# DATA
(* Let $n\ge2$, $q=2^m$, and let $\mathbf{H}_X^{(q)}$, $\mathbf{H}_Z^{(q)}$ be $q$-ary labelings of the toric Tanner graphs $\mathcal{G}_X$, $\mathcal{G}_Z$ (as defined in the context), with codes $\mathcal{C}_X^{(q)}$, $\mathcal{C}_Z^{(q)}$. If every cycle of the labeled graph $\mathcal{G}_X$ has product $1$ and $(\mathcal{C}_Z^{(q)})^\perp\subset\mathcal{C}_X^{(q)}$, then every cycle of the labeled graph $\mathcal{G}_Z$ has product $1$.
   Context: Indices are taken in $\mathbb{Z}_{2n}=\{0,\dots,2n-1\}$ with arithmetic mod $2n$. Variable nodes: $V=\{(i,j)\in\mathbb{Z}_{2n}^2: i+j\text{ even}\}$ ($2n^2$ nodes). $X$-check nodes: $C_X=\{(i,j): i\text{ odd}, j\text{ even}\}$; $Z$-check nodes: $C_Z=\{(i,j): i\text{ even}, j\text{ odd}\}$. Each check node $(i,j)$ is adjacent to the four variable nodes $(i\pm1,j)$, $(i,j\pm1)$. $\mathcal{G}_X$ is the bipartite graph on $V\cup C_X$ and $\mathcal{G}_Z$ on $V\cup C_Z$ (these are the Tanner graphs of the binary toric code). A $q$-ary labeling is a matrix $\mathbf{H}_X^{(q)}=(x_{c,v})\in\mathbb{F}_q^{C_X\times V}$ with $x_{c,v}\neq0$ iff $c$ and $v$ are adjacent, and similarly $\mathbf{H}_Z^{(q)}=(z_{c,v})\in\mathbb{F}_q^{C_Z\times V}$; the label of edge $(c,v)$ is $x_{c,v}$ (resp. $z_{c,v}$). $\mathcal{C}_X^{(q)}=\{w\in\mathbb{F}_q^V:\mathbf{H}_X^{(q)}w=0\}$, $\mathcal{C}_Z^{(q)}=\{w\in\mathbb{F}_q^V:\mathbf{H}_Z^{(q)}w=0\}$, and $\perp$ is with respect to the standard bilinear form on $\mathbb{F}_q^V$ (so $(\mathcal{C}_Z^{(q)})^\perp\subset\mathcal{C}_X^{(q)}$ iff $\mathbf{H}_X^{(q)}(\mathbf{H}_Z^{(q)})^T=0$). For a cycle $v_1,c_1,v_2,\dots,v_k,c_k,v_1$ in a labeled Tanner graph with labels $h_{c,v}$, its product is $\prod_{t=1}^k h_{c_t v_{t+1}}h_{c_t v_t}^{-1}$ (indices of $v$ mod $k$). *)

theory Defs
  imports Main
begin

text \<open>Indices in Z_{2n} are represented by naturals below 2n; nodes are pairs.\<close>

definition varN :: "nat \<Rightarrow> (nat \<times> nat) set" where
  "varN n = {(i,j). i < 2*n \<and> j < 2*n \<and> even (i+j)}"

definition chkX :: "nat \<Rightarrow> (nat \<times> nat) set" where
  "chkX n = {(i,j). i < 2*n \<and> j < 2*n \<and> odd i \<and> even j}"

definition chkZ :: "nat \<Rightarrow> (nat \<times> nat) set" where
  "chkZ n = {(i,j). i < 2*n \<and> j < 2*n \<and> even i \<and> odd j}"

definition adj :: "nat \<Rightarrow> nat \<times> nat \<Rightarrow> nat \<times> nat \<Rightarrow> bool" where
  "adj n c v = (case c of (i,j) \<Rightarrow>
     v \<in> {((i+1) mod (2*n), j), ((i + 2*n - 1) mod (2*n), j),
           (i, (j+1) mod (2*n)), (i, (j + 2*n - 1) mod (2*n))})"

definition is_labeling :: "nat \<Rightarrow> (nat \<times> nat) set \<Rightarrow> (nat \<times> nat \<Rightarrow> nat \<times> nat \<Rightarrow> 'a::field) \<Rightarrow> bool" where
  "is_labeling n C h = (\<forall>c\<in>C. \<forall>v\<in>varN n. (h c v \<noteq> 0 \<longleftrightarrow> adj n c v))"

definition vecs :: "nat \<Rightarrow> (nat \<times> nat \<Rightarrow> 'a::field) set" where
  "vecs n = {w. \<forall>v. v \<notin> varN n \<longrightarrow> w v = 0}"

definition code :: "nat \<Rightarrow> (nat \<times> nat) set \<Rightarrow> (nat \<times> nat \<Rightarrow> nat \<times> nat \<Rightarrow> 'a::field) \<Rightarrow> (nat \<times> nat \<Rightarrow> 'a) set" where
  "code n C h = {w \<in> vecs n. \<forall>c\<in>C. (\<Sum>v\<in>varN n. h c v * w v) = 0}"

definition perp :: "nat \<Rightarrow> (nat \<times> nat \<Rightarrow> 'a::field) set \<Rightarrow> (nat \<times> nat \<Rightarrow> 'a) set" where
  "perp n S = {u \<in> vecs n. \<forall>w\<in>S. (\<Sum>v\<in>varN n. u v * w v) = 0}"

definition is_cycle :: "nat \<Rightarrow> (nat \<times> nat) set \<Rightarrow> (nat \<times> nat) list \<Rightarrow> (nat \<times> nat) list \<Rightarrow> bool" where
  "is_cycle n C vs cs = (length vs = length cs \<and> length vs \<ge> 2 \<and> distinct vs \<and> distinct cs \<and>
     set vs \<subseteq> varN n \<and> set cs \<subseteq> C \<and>
     (\<forall>t < length vs. adj n (cs!t) (vs!t) \<and> adj n (cs!t) (vs!((t+1) mod length vs))))"

definition cycle_product :: "(nat \<times> nat \<Rightarrow> nat \<times> nat \<Rightarrow> 'a::field) \<Rightarrow> (nat \<times> nat) list \<Rightarrow> (nat \<times> nat) list \<Rightarrow> 'a" where
  "cycle_product h vs cs = (\<Prod>t < length vs. h (cs!t) (vs!((t+1) mod length vs)) * inverse (h (cs!t) (vs!t)))"

end

theory Submission
  imports Defs "HOL-Number_Theory.Residues"
begin

text \<open>
  Each X-check and each Z-check share either no variable or exactly two, so orthogonality of
  the rows of H_X and H_Z, in characteristic 2, says that the two products of labels over the
  shared variables agree. For a Z-check d with neighbours a, b one finds a neighbour u of d and
  X-checks c1, c2 diagonal to d such that a, c1, u, c2, b is a path in the X-graph; the label
  identities for (c1, d) and (c2, d) show that the step a, d, b of a Z-cycle contributes the
  inverse of the product of this detour. So the product of a Z-cycle is the inverse of the
  product of a closed walk in the X-graph, and the latter is 1 because a closed walk splits at
  any repeated node into shorter closed walks, down to simple cycles.
\<close>

subsection \<open>Closed walks in a labelled bipartite graph\<close>

definition closed_walk ::
    "('c \<Rightarrow> 'v \<Rightarrow> bool) \<Rightarrow> 'v set \<Rightarrow> 'c set \<Rightarrow> nat \<Rightarrow> (nat \<Rightarrow> 'v) \<Rightarrow> (nat \<Rightarrow> 'c) \<Rightarrow> bool" where
  "closed_walk E Vs Cs k V C \<longleftrightarrow> 0 < k \<and> V k = V 0 \<and>
     (\<forall>t<k. C t \<in> Cs \<and> V t \<in> Vs \<and> E (C t) (V t) \<and> E (C t) (V (Suc t)))"

definition walk_product :: "('c \<Rightarrow> 'v \<Rightarrow> 'a::field) \<Rightarrow> nat \<Rightarrow> (nat \<Rightarrow> 'v) \<Rightarrow> (nat \<Rightarrow> 'c) \<Rightarrow> 'a" where
  "walk_product h k V C = (\<Prod>t<k. h (C t) (V (Suc t)) * inverse (h (C t) (V t)))"

definition two_step_product ::
    "('c \<Rightarrow> 'v \<Rightarrow> 'a::field) \<Rightarrow> 'c \<Rightarrow> 'c \<Rightarrow> 'v \<Rightarrow> 'v \<Rightarrow> 'v \<Rightarrow> 'a" where
  "two_step_product h c\<^sub>1 c\<^sub>2 a u b = h c\<^sub>1 u * inverse (h c\<^sub>1 a) * (h c\<^sub>2 b * inverse (h c\<^sub>2 u))"

lemma closed_walkD:
  assumes "closed_walk E Vs Cs k V C" "t < k"
  shows "C t \<in> Cs" "V t \<in> Vs" "E (C t) (V t)" "E (C t) (V (Suc t))"
  using assms by (auto simp: closed_walk_def)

# PROBLEM TO WORK ON
Please reproduce exactly the lines from the first one of the records above through the line containing "text \<open>Indices in", both included, and nothing else.

# SOLUTION TO THE EXERCISE
(* Let $n\ge2$, $q=2^m$, and let $\mathbf{H}_X^{(q)}$, $\mathbf{H}_Z^{(q)}$ be $q$-ary labelings of the toric Tanner graphs $\mathcal{G}_X$, $\mathcal{G}_Z$ (as defined in the context), with codes $\mathcal{C}_X^{(q)}$, $\mathcal{C}_Z^{(q)}$. If every cycle of the labeled graph $\mathcal{G}_X$ has product $1$ and $(\mathcal{C}_Z^{(q)})^\perp\subset\mathcal{C}_X^{(q)}$, then every cycle of the labeled graph $\mathcal{G}_Z$ has product $1$.
   Context: Indices are taken in $\mathbb{Z}_{2n}=\{0,\dots,2n-1\}$ with arithmetic mod $2n$. Variable nodes: $V=\{(i,j)\in\mathbb{Z}_{2n}^2: i+j\text{ even}\}$ ($2n^2$ nodes). $X$-check nodes: $C_X=\{(i,j): i\text{ odd}, j\text{ even}\}$; $Z$-check nodes: $C_Z=\{(i,j): i\text{ even}, j\text{ odd}\}$. Each check node $(i,j)$ is adjacent to the four variable nodes $(i\pm1,j)$, $(i,j\pm1)$. $\mathcal{G}_X$ is the bipartite graph on $V\cup C_X$ and $\mathcal{G}_Z$ on $V\cup C_Z$ (these are the Tanner graphs of the binary toric code). A $q$-ary labeling is a matrix $\mathbf{H}_X^{(q)}=(x_{c,v})\in\mathbb{F}_q^{C_X\times V}$ with $x_{c,v}\neq0$ iff $c$ and $v$ are adjacent, and similarly $\mathbf{H}_Z^{(q)}=(z_{c,v})\in\mathbb{F}_q^{C_Z\times V}$; the label of edge $(c,v)$ is $x_{c,v}$ (resp. $z_{c,v}$). $\mathcal{C}_X^{(q)}=\{w\in\mathbb{F}_q^V:\mathbf{H}_X^{(q)}w=0\}$, $\mathcal{C}_Z^{(q)}=\{w\in\mathbb{F}_q^V:\mathbf{H}_Z^{(q)}w=0\}$, and $\perp$ is with respect to the standard bilinear form on $\mathbb{F}_q^V$ (so $(\mathcal{C}_Z^{(q)})^\perp\subset\mathcal{C}_X^{(q)}$ iff $\mathbf{H}_X^{(q)}(\mathbf{H}_Z^{(q)})^T=0$). For a cycle $v_1,c_1,v_2,\dots,v_k,c_k,v_1$ in a labeled Tanner graph with labels $h_{c,v}$, its product is $\prod_{t=1}^k h_{c_t v_{t+1}}h_{c_t v_t}^{-1}$ (indices of $v$ mod $k$). *)

theory Defs
  imports Main
begin

text \<open>Indices in Z_{2n} are represented by naturals below 2n; nodes are pairs.\<close>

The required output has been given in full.